# Work item:
For this exercise, copy out each line of the material below that includes "lies".

# Entries provided:
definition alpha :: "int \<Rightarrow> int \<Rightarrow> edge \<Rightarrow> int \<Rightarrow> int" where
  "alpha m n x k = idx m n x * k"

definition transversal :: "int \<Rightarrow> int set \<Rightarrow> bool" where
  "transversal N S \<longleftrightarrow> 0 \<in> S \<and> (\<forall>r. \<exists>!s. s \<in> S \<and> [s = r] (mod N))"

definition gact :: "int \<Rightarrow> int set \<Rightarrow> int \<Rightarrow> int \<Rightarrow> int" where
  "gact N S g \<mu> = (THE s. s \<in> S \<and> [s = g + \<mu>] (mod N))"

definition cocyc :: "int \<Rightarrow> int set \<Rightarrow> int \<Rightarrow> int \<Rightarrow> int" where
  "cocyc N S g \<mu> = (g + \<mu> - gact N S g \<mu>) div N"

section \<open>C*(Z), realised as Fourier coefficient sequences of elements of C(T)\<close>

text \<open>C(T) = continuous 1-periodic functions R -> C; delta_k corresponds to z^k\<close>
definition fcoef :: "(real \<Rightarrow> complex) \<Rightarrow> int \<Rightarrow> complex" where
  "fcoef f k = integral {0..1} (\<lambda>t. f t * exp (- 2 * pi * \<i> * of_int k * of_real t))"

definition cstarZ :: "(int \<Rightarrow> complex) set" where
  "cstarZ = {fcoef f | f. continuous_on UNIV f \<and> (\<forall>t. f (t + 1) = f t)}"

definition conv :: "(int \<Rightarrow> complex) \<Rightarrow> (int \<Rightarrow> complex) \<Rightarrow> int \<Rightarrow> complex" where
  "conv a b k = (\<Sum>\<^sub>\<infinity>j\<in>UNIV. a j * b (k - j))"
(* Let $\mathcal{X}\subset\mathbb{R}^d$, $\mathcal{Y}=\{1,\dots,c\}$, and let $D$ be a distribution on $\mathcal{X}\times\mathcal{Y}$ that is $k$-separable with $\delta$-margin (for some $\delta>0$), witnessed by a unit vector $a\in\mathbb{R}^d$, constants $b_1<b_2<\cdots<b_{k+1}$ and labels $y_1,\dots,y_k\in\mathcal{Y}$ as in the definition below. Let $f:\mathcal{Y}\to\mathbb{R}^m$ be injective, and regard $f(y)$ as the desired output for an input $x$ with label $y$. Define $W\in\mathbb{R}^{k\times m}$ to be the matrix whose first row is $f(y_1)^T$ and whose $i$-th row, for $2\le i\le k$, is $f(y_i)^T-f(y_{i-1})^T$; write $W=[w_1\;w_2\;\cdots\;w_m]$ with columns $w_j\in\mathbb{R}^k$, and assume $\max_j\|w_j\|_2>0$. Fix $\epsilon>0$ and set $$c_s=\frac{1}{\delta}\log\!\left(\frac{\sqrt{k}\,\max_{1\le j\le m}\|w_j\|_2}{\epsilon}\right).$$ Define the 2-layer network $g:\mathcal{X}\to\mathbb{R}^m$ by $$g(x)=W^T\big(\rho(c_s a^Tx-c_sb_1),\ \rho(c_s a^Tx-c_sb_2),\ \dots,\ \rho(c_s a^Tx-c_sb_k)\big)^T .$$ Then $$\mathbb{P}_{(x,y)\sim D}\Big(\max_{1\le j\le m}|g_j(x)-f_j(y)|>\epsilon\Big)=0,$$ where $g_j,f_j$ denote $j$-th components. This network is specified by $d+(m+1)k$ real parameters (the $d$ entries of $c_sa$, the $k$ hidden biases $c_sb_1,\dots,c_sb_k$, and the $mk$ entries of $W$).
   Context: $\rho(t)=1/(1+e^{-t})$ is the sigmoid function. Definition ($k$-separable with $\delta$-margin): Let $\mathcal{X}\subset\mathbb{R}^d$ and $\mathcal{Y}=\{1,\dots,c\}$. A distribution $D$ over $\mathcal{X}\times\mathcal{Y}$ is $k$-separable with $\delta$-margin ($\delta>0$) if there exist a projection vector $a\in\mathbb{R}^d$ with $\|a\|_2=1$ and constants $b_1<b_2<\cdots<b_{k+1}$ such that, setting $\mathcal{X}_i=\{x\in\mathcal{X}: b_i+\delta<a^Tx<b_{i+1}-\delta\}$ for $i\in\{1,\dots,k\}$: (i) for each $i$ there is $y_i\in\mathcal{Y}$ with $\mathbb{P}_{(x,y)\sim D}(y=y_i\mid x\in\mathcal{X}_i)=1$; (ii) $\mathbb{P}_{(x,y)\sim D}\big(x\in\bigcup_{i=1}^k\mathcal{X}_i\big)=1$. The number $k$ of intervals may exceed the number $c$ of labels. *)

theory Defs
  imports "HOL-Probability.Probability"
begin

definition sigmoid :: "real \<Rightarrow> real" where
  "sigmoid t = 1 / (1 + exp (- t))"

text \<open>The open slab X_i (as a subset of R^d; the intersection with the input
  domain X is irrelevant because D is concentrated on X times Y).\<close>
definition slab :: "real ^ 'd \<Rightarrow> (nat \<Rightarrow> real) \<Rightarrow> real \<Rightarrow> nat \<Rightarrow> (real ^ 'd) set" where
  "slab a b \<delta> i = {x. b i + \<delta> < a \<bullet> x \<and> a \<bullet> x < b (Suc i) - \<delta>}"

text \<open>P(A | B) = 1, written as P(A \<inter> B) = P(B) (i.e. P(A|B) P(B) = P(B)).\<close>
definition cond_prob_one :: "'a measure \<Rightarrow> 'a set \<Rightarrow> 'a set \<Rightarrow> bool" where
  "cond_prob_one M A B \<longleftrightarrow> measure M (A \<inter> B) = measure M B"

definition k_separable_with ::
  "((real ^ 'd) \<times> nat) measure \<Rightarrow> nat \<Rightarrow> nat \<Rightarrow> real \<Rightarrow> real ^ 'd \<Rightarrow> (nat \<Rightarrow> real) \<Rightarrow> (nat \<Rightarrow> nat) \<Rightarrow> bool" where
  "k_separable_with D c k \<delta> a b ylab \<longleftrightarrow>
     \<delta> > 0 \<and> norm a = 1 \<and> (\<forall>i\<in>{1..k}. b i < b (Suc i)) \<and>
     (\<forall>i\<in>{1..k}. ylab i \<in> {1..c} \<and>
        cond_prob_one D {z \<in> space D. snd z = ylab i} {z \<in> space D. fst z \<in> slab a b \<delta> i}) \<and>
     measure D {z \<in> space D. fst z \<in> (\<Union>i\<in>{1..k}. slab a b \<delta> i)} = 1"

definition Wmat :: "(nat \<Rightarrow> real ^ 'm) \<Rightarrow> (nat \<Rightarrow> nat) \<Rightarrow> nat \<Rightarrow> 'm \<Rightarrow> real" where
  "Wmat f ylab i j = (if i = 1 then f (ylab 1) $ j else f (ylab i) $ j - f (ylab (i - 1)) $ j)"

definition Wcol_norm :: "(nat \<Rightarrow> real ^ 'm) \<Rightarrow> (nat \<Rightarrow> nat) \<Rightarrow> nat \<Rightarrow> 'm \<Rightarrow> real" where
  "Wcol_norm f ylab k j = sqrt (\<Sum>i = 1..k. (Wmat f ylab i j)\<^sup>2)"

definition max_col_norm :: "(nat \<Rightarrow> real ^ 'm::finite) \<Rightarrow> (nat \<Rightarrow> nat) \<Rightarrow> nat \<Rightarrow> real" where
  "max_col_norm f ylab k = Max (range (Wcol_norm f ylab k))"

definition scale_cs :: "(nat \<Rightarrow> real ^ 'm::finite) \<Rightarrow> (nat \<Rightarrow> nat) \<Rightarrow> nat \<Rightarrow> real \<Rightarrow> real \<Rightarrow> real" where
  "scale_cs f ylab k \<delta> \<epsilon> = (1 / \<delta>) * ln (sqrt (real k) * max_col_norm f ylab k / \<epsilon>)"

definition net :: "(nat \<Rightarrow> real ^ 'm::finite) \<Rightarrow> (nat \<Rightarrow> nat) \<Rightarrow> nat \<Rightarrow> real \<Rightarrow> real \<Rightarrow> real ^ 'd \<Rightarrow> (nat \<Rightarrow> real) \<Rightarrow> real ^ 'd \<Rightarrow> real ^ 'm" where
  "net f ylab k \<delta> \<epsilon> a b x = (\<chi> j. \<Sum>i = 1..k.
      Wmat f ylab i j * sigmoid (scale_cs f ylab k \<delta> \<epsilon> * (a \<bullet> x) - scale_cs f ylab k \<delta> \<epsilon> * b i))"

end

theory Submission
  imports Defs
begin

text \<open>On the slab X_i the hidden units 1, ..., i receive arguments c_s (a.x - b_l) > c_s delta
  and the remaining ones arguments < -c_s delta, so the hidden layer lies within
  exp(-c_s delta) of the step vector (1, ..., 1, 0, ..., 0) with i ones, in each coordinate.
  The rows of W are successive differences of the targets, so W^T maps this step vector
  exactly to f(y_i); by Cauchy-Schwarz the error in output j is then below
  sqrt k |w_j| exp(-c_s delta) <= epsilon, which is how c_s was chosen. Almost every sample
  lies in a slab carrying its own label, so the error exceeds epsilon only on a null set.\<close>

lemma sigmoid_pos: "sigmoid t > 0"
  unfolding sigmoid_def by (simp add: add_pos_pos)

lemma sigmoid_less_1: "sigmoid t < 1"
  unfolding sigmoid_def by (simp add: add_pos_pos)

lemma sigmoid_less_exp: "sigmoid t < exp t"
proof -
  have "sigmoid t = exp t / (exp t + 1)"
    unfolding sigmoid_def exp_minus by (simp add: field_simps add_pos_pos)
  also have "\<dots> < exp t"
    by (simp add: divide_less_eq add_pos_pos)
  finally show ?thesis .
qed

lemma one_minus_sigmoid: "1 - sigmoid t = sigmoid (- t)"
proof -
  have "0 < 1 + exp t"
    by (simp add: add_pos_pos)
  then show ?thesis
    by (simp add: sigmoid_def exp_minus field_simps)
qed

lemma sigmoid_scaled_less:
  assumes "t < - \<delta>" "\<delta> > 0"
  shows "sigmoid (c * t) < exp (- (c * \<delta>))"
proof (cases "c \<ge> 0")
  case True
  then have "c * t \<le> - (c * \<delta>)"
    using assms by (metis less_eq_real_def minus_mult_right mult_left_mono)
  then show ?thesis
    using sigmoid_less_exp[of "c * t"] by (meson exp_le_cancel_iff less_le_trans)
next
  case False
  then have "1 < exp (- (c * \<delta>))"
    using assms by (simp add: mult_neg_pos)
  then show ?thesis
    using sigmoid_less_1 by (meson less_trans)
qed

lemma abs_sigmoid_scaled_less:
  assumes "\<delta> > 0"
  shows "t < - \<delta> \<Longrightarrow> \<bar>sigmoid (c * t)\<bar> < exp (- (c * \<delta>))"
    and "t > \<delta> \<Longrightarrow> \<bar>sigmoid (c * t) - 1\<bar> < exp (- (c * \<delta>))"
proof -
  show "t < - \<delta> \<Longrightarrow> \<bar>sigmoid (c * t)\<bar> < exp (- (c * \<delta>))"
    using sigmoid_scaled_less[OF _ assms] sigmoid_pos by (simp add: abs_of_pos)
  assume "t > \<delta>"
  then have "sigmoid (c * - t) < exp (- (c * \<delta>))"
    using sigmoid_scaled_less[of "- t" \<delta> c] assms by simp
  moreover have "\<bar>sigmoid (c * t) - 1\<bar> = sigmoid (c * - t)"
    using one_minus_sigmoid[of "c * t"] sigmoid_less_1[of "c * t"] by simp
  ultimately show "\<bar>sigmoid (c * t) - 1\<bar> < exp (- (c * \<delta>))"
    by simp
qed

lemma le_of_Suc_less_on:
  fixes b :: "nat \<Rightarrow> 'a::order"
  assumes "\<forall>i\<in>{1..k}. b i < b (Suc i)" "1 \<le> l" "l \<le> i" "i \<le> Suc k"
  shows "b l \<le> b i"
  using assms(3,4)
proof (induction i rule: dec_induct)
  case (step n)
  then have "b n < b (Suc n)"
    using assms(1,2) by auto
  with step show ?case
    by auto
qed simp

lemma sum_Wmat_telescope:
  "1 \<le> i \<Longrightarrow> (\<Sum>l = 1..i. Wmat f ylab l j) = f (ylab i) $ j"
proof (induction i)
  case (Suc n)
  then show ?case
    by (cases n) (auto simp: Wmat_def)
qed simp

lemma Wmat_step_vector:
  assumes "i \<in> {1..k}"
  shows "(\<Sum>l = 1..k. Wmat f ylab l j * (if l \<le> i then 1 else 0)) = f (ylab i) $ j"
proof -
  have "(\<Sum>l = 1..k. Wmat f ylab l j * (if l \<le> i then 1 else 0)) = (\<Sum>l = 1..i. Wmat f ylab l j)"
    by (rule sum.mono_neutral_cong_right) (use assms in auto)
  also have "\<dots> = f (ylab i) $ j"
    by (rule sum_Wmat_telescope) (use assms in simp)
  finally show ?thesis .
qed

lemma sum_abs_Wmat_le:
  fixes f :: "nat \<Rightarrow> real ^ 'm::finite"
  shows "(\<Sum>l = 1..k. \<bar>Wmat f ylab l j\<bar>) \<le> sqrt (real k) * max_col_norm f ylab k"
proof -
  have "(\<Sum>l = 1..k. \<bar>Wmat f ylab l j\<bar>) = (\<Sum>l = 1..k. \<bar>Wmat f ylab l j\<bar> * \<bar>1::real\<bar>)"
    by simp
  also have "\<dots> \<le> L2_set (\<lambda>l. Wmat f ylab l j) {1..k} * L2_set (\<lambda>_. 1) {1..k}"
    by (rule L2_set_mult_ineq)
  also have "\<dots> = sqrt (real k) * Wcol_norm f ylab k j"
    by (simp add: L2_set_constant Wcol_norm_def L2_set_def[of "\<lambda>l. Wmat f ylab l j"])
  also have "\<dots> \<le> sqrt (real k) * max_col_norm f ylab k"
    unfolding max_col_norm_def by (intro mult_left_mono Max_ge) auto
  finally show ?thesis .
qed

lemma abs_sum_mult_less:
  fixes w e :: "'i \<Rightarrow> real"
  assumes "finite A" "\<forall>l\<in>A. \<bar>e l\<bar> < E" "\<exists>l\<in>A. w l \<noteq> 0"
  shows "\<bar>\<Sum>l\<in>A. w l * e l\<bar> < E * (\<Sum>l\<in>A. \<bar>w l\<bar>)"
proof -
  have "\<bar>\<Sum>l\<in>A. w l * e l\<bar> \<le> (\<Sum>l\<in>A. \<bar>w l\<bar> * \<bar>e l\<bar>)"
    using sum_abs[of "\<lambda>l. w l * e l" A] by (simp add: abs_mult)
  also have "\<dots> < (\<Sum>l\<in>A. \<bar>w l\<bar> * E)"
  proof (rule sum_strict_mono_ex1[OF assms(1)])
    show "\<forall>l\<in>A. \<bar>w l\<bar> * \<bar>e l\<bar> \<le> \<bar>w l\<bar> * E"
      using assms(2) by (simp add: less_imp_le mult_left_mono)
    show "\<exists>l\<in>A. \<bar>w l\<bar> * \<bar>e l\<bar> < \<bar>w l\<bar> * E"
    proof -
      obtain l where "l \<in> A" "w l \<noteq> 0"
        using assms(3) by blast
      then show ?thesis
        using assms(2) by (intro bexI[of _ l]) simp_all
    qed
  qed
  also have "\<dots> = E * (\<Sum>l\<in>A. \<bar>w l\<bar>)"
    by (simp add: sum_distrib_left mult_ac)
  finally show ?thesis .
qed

# Solution to this task:
  and the remaining ones arguments < -c_s delta, so the hidden layer lies within
  lies in a slab carrying its own label, so the error exceeds epsilon only on a null set.\<close>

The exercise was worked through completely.